Книга Лирическая поэзия Байрона - Нина Яковлевна Дьяконова
Шрифт:
Интервал:
Закладка:
Смелость Байрона в этой сатире не знает пределов, особенно в описании Англии, где процветают шлюхи и шпионы и где простой народ раньше зарабатывал себе на хлеб, а теперь выпрашивает его на улицах:
Обширны площади у нас в столице,
Где просит хлеба тот, кто б мог трудиться.
Политическая смелость выливается в традиционные формы, так как они представляются Байрону более соответствующими передовой мысли. Лишь однажды прорывается его нетерпение против классицистической регламентации:
Иль должен бард огонь страстей сдержать,
Чтоб только порицанья избежать?
Смолчать ли должен, чтоб не впасть в ошибку,
11 вызвать снисхождения улыбку?
Иль крылья подрезать у смелых фраз,
Боясь чьего-то мненья всякий раз?
Здесь уже слышится голос пролагателя новых путей, не покоряющегося своду законов, которые он сам провозглашает.

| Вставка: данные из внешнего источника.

(* Let $\Pi=\{\Pi_\theta\}$ be a partition of a set of paths into pairwise disjoint cells and let $\Theta=\{\theta_0,\dots,\theta_{M-1}\}$ be a set of filling classes $\theta_l=(Z_{\theta_l},\Pi_{\theta_l})$ for cells of $\Pi$, totally ordered by some order. Let $Z_\Theta=\bigcup_l Z_{\theta_l}$, where each PGT $\gamma$ has duration $E_\gamma>0$, minimum separation $t^{\mathrm{minsep}}_\gamma\ge0$ and positive integer minimal allocation $\mathcal{M}_\gamma$. Then for every $t_0$ there exists a valid schedule containing exactly $\mathcal{M}_\gamma$ PGAs of every $\gamma\in Z_\Theta$, all of whose PGAs lie within $[t_0,\,t_0+\tilde{\mathcal{R}}(Z_\Theta)]$, where $$\tilde{\mathcal{R}}(Z_\Theta)=\sum_{\theta_l\in\Theta}R(Z_{\theta_l}).$$
   Context: A filling class is $\phi=(Z_\phi,\Pi_\phi)$ where $\Pi_\phi$ is a cell of the path partition and $Z_\phi$ is a set of PGTs $\gamma$ with paths $\pi_\gamma\in\Pi_\phi$. For a set of PGTs $Z_\phi=\{\gamma_0,\dots,\gamma_{M-1}\}$ indexed so that $\mathcal{M}_{\gamma_0}\le\dots\le\mathcal{M}_{\gamma_{M-1}}$, with $E_x=E_{\gamma_x}$, $\tau_x=t^{\mathrm{minsep}}_{\gamma_x}$: $n_0=\mathcal{M}_{\gamma_0}-1$, $n_x=\mathcal{M}_{\gamma_x}-\mathcal{M}_{\gamma_{x-1}}$ ($x\ge1$), $c_x=\max(\max_{y\ge x}(E_y+\tau_y),\sum_{y=x}^{M-1}E_y)$, and $R(Z_\phi)=\sum_{x=0}^{M-1}(n_xc_x+E_x)$ ($R(\emptyset)=0$). A PGA of $\gamma$ is a time interval $[s,s+E_\gamma)$ assigned to $\gamma$; a schedule is a finite set of PGAs. A resource conflict occurs if there are PGAs $[s,e)$ of $\gamma$ and $[s',e')$ of $\gamma'$ (distinct PGAs) with $\xi(\pi_\gamma)\cap\xi(\pi_{\gamma'})\ne\emptyset$ and $s\le s'<e$, where $\xi(\pi)$ is the set of vertices on path $\pi$. A minsep violation occurs if two time-consecutive PGAs $[s,e)$, $[s'',e'')$ of the same PGT $\gamma$ satisfy $s''-e<t^{\mathrm{minsep}}_\gamma$. A schedule is valid if no resource conflict and no minsep violation occurs. *)

theory Defs
  imports Complex_Main
begin
lemma finite_edges: "finite Vp \<Longrightarrow> finite (edges dep Vp)"
proof -
  assume "finite Vp"
  moreover have "edges dep Vp \<subseteq> (\<lambda>(u, v). {u, v}) ` (insert dep Vp \<times> insert dep Vp)"
    unfolding edges_def verts_def by auto
  ultimately show ?thesis by (meson finite_SigmaI finite_imageI finite_insert finite_subset)
qed

lemma cut_singleton:
  assumes "c \<in> Vp"
  shows "cut dep Vp {c} = (\<lambda>u. {c, u}) ` (insert dep Vp - {c})"
proof -
  have "card (e \<inter> {c}) = 1 \<longleftrightarrow> c \<in> e" for e :: "'a set"
    by (cases "c \<in> e") auto
  then have "cut dep Vp {c} = {e \<in> edges dep Vp. c \<in> e}"
    unfolding cut_def by simp
  also have "\<dots> = (\<lambda>u. {c, u}) ` (insert dep Vp - {c})"
    using assms unfolding edges_def verts_def by blast
  finally show ?thesis .
qed

lemma cycle_edges_inj_on:
  assumes "distinct M" "3 \<le> length M"
  shows "inj_on (\<lambda>i. {M ! i, M ! (Suc i mod length M)}) {..<length M}"
proof (rule inj_onI)
  fix i j
  assume i: "i \<in> {..<length M}" and j: "j \<in> {..<length M}"
    and eq: "{M ! i, M ! (Suc i mod length M)} = {M ! j, M ! (Suc j mod length M)}"
  have idx: "M ! p = M ! q \<longleftrightarrow> p = q" if "p < length M" "q < length M" for p q
    using assms(1) that nth_eq_iff_index_eq by blast
  have "0 < length M" using assms(2) by linarith
  then have "Suc i mod length M < length M" "Suc j mod length M < length M" by simp_all
  then have "i = j \<or> (i = Suc j mod length M \<and> Suc i mod length M = j)"
    using eq i j idx by (auto simp: doubleton_eq_iff)
  then show "i = j"
    using i j assms(2) by (auto simp: mod_Suc split: if_splits)
qed
lemma II_winning_imp_not_plus_Ramsey:
  assumes "II_winning F (fstar F) \<tau>"
  shows "\<not> plus_Ramsey F"
proof -
  have strategy: "II_strategy F \<tau>" using assms unfolding II_winning_def by blast
  define move where "move Xs n = (SOME X. X \<in> F \<and> \<tau> (Xs @ [X]) = n)" for Xs n
  have move: "move Xs n \<in> F \<and> \<tau> (Xs @ [move Xs n]) = n" if "n \<in> (\<lambda>X. \<tau> (Xs @ [X])) ` F" for Xs n
  proof -
    have "\<exists>X. X \<in> F \<and> \<tau> (Xs @ [X]) = n" using that by blast
    then show ?thesis unfolding move_def by (rule someI_ex)
  qed
  define A where "A s = (\<lambda>X. \<tau> (respond move s @ [X])) ` F" for s
  have moves_in_F: "s \<in> tree_of A \<Longrightarrow> set (respond move s) \<subseteq> F" for s
  proof (induction s rule: rev_induct)
    case (snoc n s)
    then have "s \<in> tree_of A" and "n \<in> A s"
      by (simp_all add: snoc_in_tree_of_iff)
    moreover have "move (respond move s) n \<in> F"
      using move[OF \<open>n \<in> A s\<close>[unfolded A_def]] by simp
    ultimately show ?case using snoc.IH by simp
  qed simp
  have "A s \<in> fplus F" if "s \<in> tree_of A" for s
    using II_answers_fplus[OF strategy moves_in_F[OF that]] by (simp add: A_def)
  then have "fplus_tree F (tree_of A)" by (rule fplus_tree_tree_of)
  moreover have "range b \<notin> fplus F" if "branch (tree_of A) b" for b
  proof -
    define X where "X k = move (respond move (map b [0..<k])) (b k)" for k
    have respond_b: "respond move (map b [0..<k]) = map X [0..<k]" for k
      by (rule respond_map_upt) (simp add: X_def)
    have X_move: "X k \<in> F \<and> \<tau> (map X [0..<k] @ [X k]) = b k" for k
    proof -
      have "b k \<in> A (map b [0..<k])"
        using that by (simp add: branch_tree_of_iff)
      note move[OF this[unfolded A_def]]
      moreover have "X k = move (respond move (map b [0..<k])) (b k)"
        by (simp add: X_def)
      ultimately show ?thesis unfolding respond_b by simp
    qed
    then have "range (\<lambda>k. \<tau> (map X [0..<Suc k])) \<in> fstar F"
      using assms unfolding II_winning_def by blast
    moreover have "(\<lambda>k. \<tau> (map X [0..<Suc k])) = b"
      using X_move by (simp add: fun_eq_iff)
    ultimately have "range b \<in> fstar F" by (simp only:)
    then show ?thesis by (simp add: fstar_def)
  qed
  ultimately show ?thesis unfolding plus_Ramsey_def by blast
qed

theorem theorem2p9:
  fixes F :: "nat set set"
  assumes "proper_filter F"
  shows "((\<exists>\<sigma>. I_winning F (fstar F) \<sigma>) \<longleftrightarrow> countably_generated F) \<and>
         ((\<exists>\<tau>. II_winning F (fstar F) \<tau>) \<longleftrightarrow> \<not> plus_Ramsey F)"
proof
  have filter: "is_filter F" using assms unfolding proper_filter_def by blast
  show "(\<exists>\<sigma>. I_winning F (fstar F) \<sigma>) \<longleftrightarrow> countably_generated F"
    using countably_generated_imp_I_winning[OF filter] I_winning_imp_countably_generated[OF filter]
    by blast
  show "(\<exists>\<tau>. II_winning F (fstar F) \<tau>) \<longleftrightarrow> \<not> plus_Ramsey F"
    using not_plus_Ramsey_imp_II_winning[OF filter] II_winning_imp_not_plus_Ramsey by blast
qed

end
(* Let $\chi\in C(\mathbb{T}^d)$ be a viscosity subsolution of $\bar c+H(x,D\chi(x))=0$ on $\mathbb{T}^d$, and let $(\gamma,u)$ be a trajectory-control pair on $\mathbb{R}$ such that $\gamma$ is calibrated for $\chi$. Then for every $\tau>0$, $$\bar c+L^*(\gamma(\tau),p)=0\qquad\text{for all }p\in D^+_F\chi(\gamma(\tau)).$$
   Context: Setting: $1\le m\le d$, $\mathbb{T}^d=\mathbb{R}^d/\mathbb{Z}^d$; $f_1,\dots,f_m$ smooth vector fields satisfying the Hörmander condition; $F(x)=[f_1(x)|\cdots|f_m(x)]$, (F): $F\in C^{1,1}$, rank $F(x)=m$. Trajectory-control pairs: $\gamma$ locally absolutely continuous, $u\in L^2_{loc}$, $\dot\gamma=F(\gamma)u$ a.e. (L): $L\in C^2(\mathbb{T}^d\times\mathbb{R}^m)$, $D^2_uL\ge0$, $L(x,u)\ge K_1|u|^\sigma-K_2$ ($\sigma>1$). $L^*(x,q)=\sup_{u\in\mathbb{R}^m}\{\langle q,u\rangle-L(x,u)\}$ for $q\in\mathbb{R}^m$, and $H(x,p)=L^*(x,F^*(x)p)$. (S): no singular minimizing controls other than zero for $V^T(x)=\inf\{\int_0^TL(\gamma,u):\gamma(0)=x\}$; $\bar c=\lim_{T\to\infty}V^T(x)/T$ is the critical constant. A pair $(\gamma,u)$ on an interval $I$ is calibrated for $\chi$ if $\chi(\gamma(b))-\chi(\gamma(a))=\int_a^bL(\gamma,u)\,ds-\bar c(b-a)$ for all $a<b$ in $I$. $D^+\chi(x)$ denotes the (Fréchet) superdifferential of $\chi$ at $x$, and $D^+_F\chi(x)=F^*(x)D^+\chi(x)\subset\mathbb{R}^m$. Assumptions (F), (L), (S) are in force. *)

theory Defs
  imports "HOL-Analysis.Analysis"
begin

section \<open>Torus: functions on R^d that are Z^d-periodic\<close>

definition int_vec :: "real^'d \<Rightarrow> bool" where
  "int_vec z \<longleftrightarrow> (\<forall>i. z $ i \<in> \<int>)"

definition torus_periodic :: "(real^'d \<Rightarrow> 'b) \<Rightarrow> bool" where
  "torus_periodic g \<longleftrightarrow> (\<forall>x z. int_vec z \<longrightarrow> g (x + z) = g x)"

coinductive smooth_real :: "('a::real_normed_vector \<Rightarrow> real) \<Rightarrow> bool" where
  "(\<forall>x. g differentiable (at x)) \<Longrightarrow>
   (\<forall>v. smooth_real (\<lambda>x. frechet_derivative g (at x) v)) \<Longrightarrow> smooth_real g"

definition smooth_vf :: "(real^'d \<Rightarrow> real^'d) \<Rightarrow> bool" where
  "smooth_vf X \<longleftrightarrow> (\<forall>i. smooth_real (\<lambda>x. X x $ i))"

definition lie_bracket :: "(real^'d \<Rightarrow> real^'d) \<Rightarrow> (real^'d \<Rightarrow> real^'d) \<Rightarrow> real^'d \<Rightarrow> real^'d" where
  "lie_bracket X Y x = frechet_derivative Y (at x) (X x) - frechet_derivative X (at x) (Y x)"

inductive_set lie_gen :: "('m \<Rightarrow> real^'d \<Rightarrow> real^'d) \<Rightarrow> (real^'d \<Rightarrow> real^'d) set"
  for f where
  base: "f j \<in> lie_gen f"
| brk: "X \<in> lie_gen f \<Longrightarrow> Y \<in> lie_gen f \<Longrightarrow> lie_bracket X Y \<in> lie_gen f"

definition hoermander :: "('m \<Rightarrow> real^'d \<Rightarrow> real^'d) \<Rightarrow> bool" where
  "hoermander f \<longleftrightarrow> (\<forall>x. span {X x | X. X \<in> lie_gen f} = UNIV)"

definition Fmat :: "('m \<Rightarrow> real^'d \<Rightarrow> real^'d) \<Rightarrow> real^'d \<Rightarrow> real^'m^'d" where
  "Fmat f x = (\<chi> i j. f j x $ i)"

definition assm_F :: "('m::finite \<Rightarrow> real^'d::finite \<Rightarrow> real^'d) \<Rightarrow> bool" where
  "assm_F f \<longleftrightarrow>
     (\<exists>DF :: (real^'d) \<Rightarrow> ((real^'d) \<Rightarrow>\<^sub>L (real^'m^'d)).
        (\<forall>x. (Fmat f has_derivative blinfun_apply (DF x)) (at x)) \<and>
        (\<exists>K. \<forall>x y. norm (DF x - DF y) \<le> K * norm (x - y))) \<and>
     (\<forall>x. rank (Fmat f x) = CARD('m))"

definition assm_L :: "(real^'d::finite \<Rightarrow> real^'m::finite \<Rightarrow> real) \<Rightarrow> bool" where
  "assm_L L \<longleftrightarrow>
     (\<forall>u. torus_periodic (\<lambda>x. L x u)) \<and>
     (\<exists>(D1 :: ((real^'d) \<times> (real^'m)) \<Rightarrow> (((real^'d) \<times> (real^'m)) \<Rightarrow>\<^sub>L real))
        (D2 :: ((real^'d) \<times> (real^'m)) \<Rightarrow> (((real^'d) \<times> (real^'m)) \<Rightarrow>\<^sub>L (((real^'d) \<times> (real^'m)) \<Rightarrow>\<^sub>L real))).
        (\<forall>z. ((\<lambda>(x, u). L x u) has_derivative blinfun_apply (D1 z)) (at z)) \<and>
        (\<forall>z. (D1 has_derivative blinfun_apply (D2 z)) (at z)) \<and>
        continuous_on UNIV D2 \<and>
        (\<forall>x u v. blinfun_apply (blinfun_apply (D2 (x, u)) (0, v)) (0, v) \<ge> 0)) \<and>
     (\<exists>K1 K2 \<sigma>. K1 > 0 \<and> \<sigma> > 1 \<and> (\<forall>x u. L x u \<ge> K1 * norm u powr \<sigma> - K2))"

definition Lstar :: "(real^'d \<Rightarrow> real^'m \<Rightarrow> real) \<Rightarrow> real^'d \<Rightarrow> real^'m \<Rightarrow> real" where
  "Lstar L x q = (SUP u. q \<bullet> u - L x u)"

definition Ham :: "('m \<Rightarrow> real^'d \<Rightarrow> real^'d) \<Rightarrow> (real^'d \<Rightarrow> real^'m \<Rightarrow> real)
                   \<Rightarrow> real^'d \<Rightarrow> real^'d \<Rightarrow> real" where
  "Ham f L x p = Lstar L x (transpose (Fmat f x) *v p)"

definition abs_cont_on :: "(real \<Rightarrow> 'a::real_normed_vector) \<Rightarrow> real \<Rightarrow> real \<Rightarrow> bool" where
  "abs_cont_on g a b \<longleftrightarrow>
     (\<forall>\<epsilon>>0. \<exists>\<delta>>0. \<forall>n (s::nat \<Rightarrow> real) t.
        (\<forall>k<n. a \<le> s k \<and> s k \<le> t k \<and> t k \<le> b) \<and>
        (\<forall>k<n. \<forall>l<n. k \<noteq> l \<longrightarrow> t k \<le> s l \<or> t l \<le> s k) \<and>
        (\<Sum>k<n. t k - s k) < \<delta> \<longrightarrow>
        (\<Sum>k<n. norm (g (t k) - g (s k))) < \<epsilon>)"

definition loc_abs_cont :: "(real \<Rightarrow> 'a::real_normed_vector) \<Rightarrow> real set \<Rightarrow> bool" where
  "loc_abs_cont g I \<longleftrightarrow> (\<forall>a b. {a..b} \<subseteq> I \<longrightarrow> abs_cont_on g a b)"

definition L2_loc :: "(real \<Rightarrow> 'a::euclidean_space) \<Rightarrow> real set \<Rightarrow> bool" where
  "L2_loc u I \<longleftrightarrow> u \<in> borel_measurable (lebesgue_on I) \<and>
     (\<forall>a b. {a..b} \<subseteq> I \<longrightarrow> integrable (lebesgue_on {a..b}) (\<lambda>t. norm (u t) ^ 2))"

definition tc_pair :: "('m::finite \<Rightarrow> real^'d::finite \<Rightarrow> real^'d) \<Rightarrow> real set
                       \<Rightarrow> (real \<Rightarrow> real^'d) \<Rightarrow> (real \<Rightarrow> real^'m) \<Rightarrow> bool" where
  "tc_pair f I \<gamma> u \<longleftrightarrow> loc_abs_cont \<gamma> I \<and> L2_loc u I \<and>
     (AE t in lebesgue. t \<in> I \<longrightarrow> (\<gamma> has_vector_derivative (Fmat f (\<gamma> t) *v u t)) (at t))"

text \<open>Action integral; L is bounded below, so a non-integrable action is +infinity.\<close>
definition action :: "(real^'d \<Rightarrow> real^'m \<Rightarrow> real) \<Rightarrow> (real \<Rightarrow> real^'d) \<Rightarrow> (real \<Rightarrow> real^'m)
                      \<Rightarrow> real \<Rightarrow> real \<Rightarrow> ereal" where
  "action L \<gamma> u a b =
     (if integrable (lebesgue_on {a..b}) (\<lambda>s. L (\<gamma> s) (u s))
      then ereal (integral\<^sup>L (lebesgue_on {a..b}) (\<lambda>s. L (\<gamma> s) (u s))) else \<infinity>)"

definition value_fun :: "('m::finite \<Rightarrow> real^'d::finite \<Rightarrow> real^'d) \<Rightarrow> (real^'d \<Rightarrow> real^'m \<Rightarrow> real)
                         \<Rightarrow> real \<Rightarrow> real^'d \<Rightarrow> ereal" where
  "value_fun f L T x = (INF (\<gamma>, u) \<in> {(\<gamma>, u). tc_pair f {0..T} \<gamma> u \<and> \<gamma> 0 = x}. action L \<gamma> u 0 T)"

text \<open>Critical constant: lim_{T->oo} V^T(x)/T (independent of x; we take x = 0).\<close>
definition crit_const :: "('m::finite \<Rightarrow> real^'d::finite \<Rightarrow> real^'d) \<Rightarrow> (real^'d \<Rightarrow> real^'m \<Rightarrow> real) \<Rightarrow> real" where
  "crit_const f L = Lim at_top (\<lambda>T. real_of_ereal (value_fun f L T 0) / T)"

text \<open>The differential of the end-point map u |-> gamma_u(T) (initial point fixed) at u,
  applied to v, is xi(T) where xi solves the linearised system
  xi' = D_x(F(gamma)u) xi + F(gamma) v, xi(0) = 0.  u is singular iff this is not onto.\<close>
definition singular_control :: "('m::finite \<Rightarrow> real^'d::finite \<Rightarrow> real^'d) \<Rightarrow> real
                                \<Rightarrow> (real \<Rightarrow> real^'d) \<Rightarrow> (real \<Rightarrow> real^'m) \<Rightarrow> bool" where
  "singular_control f T \<gamma> u \<longleftrightarrow>
     {\<xi> T | \<xi> v. L2_loc v {0..T} \<and> abs_cont_on \<xi> 0 T \<and> \<xi> 0 = 0 \<and>
        (AE t in lebesgue. t \<in> {0..T} \<longrightarrow>
          (\<xi> has_vector_derivative
             (frechet_derivative (\<lambda>y. Fmat f y *v u t) (at (\<gamma> t)) (\<xi> t) + Fmat f (\<gamma> t) *v v t)) (at t))}
     \<noteq> UNIV"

Проявившееся здесь нетерпение поэта помогает попять, что различие между антиклассицистическими тенденциями «Чайльд-Гарольда» и строгим классицизмом сатиры «На темы Горация» не так велико, как может показаться.
Глава III
ЛИРИЧЕСКИЕ ПОВЕСТИ
…я все видел,
Все перечувствовал, все понял, все узнал,
Любил я часто, чаще ненавидел
И более всего страдал!
М. Лермонтов
1
В июле 1811 г. Байрон вернулся в Англию. Возвращение его было печальным. Словно предчувствуя это, он еще в 1810 г. писал своему приятелю Далласу: «Я покинул мою страну без сожаления, и я вернусь без радости». Почти сразу по приезде он понес тяжелые утраты: скоропостижно скончалась мать, погиб один из самых близких его друзей, умерла возлюбленная. Об этом говорили заключительные строфы второй песни «Чайльд-Гарольда», написанные уже в Англии.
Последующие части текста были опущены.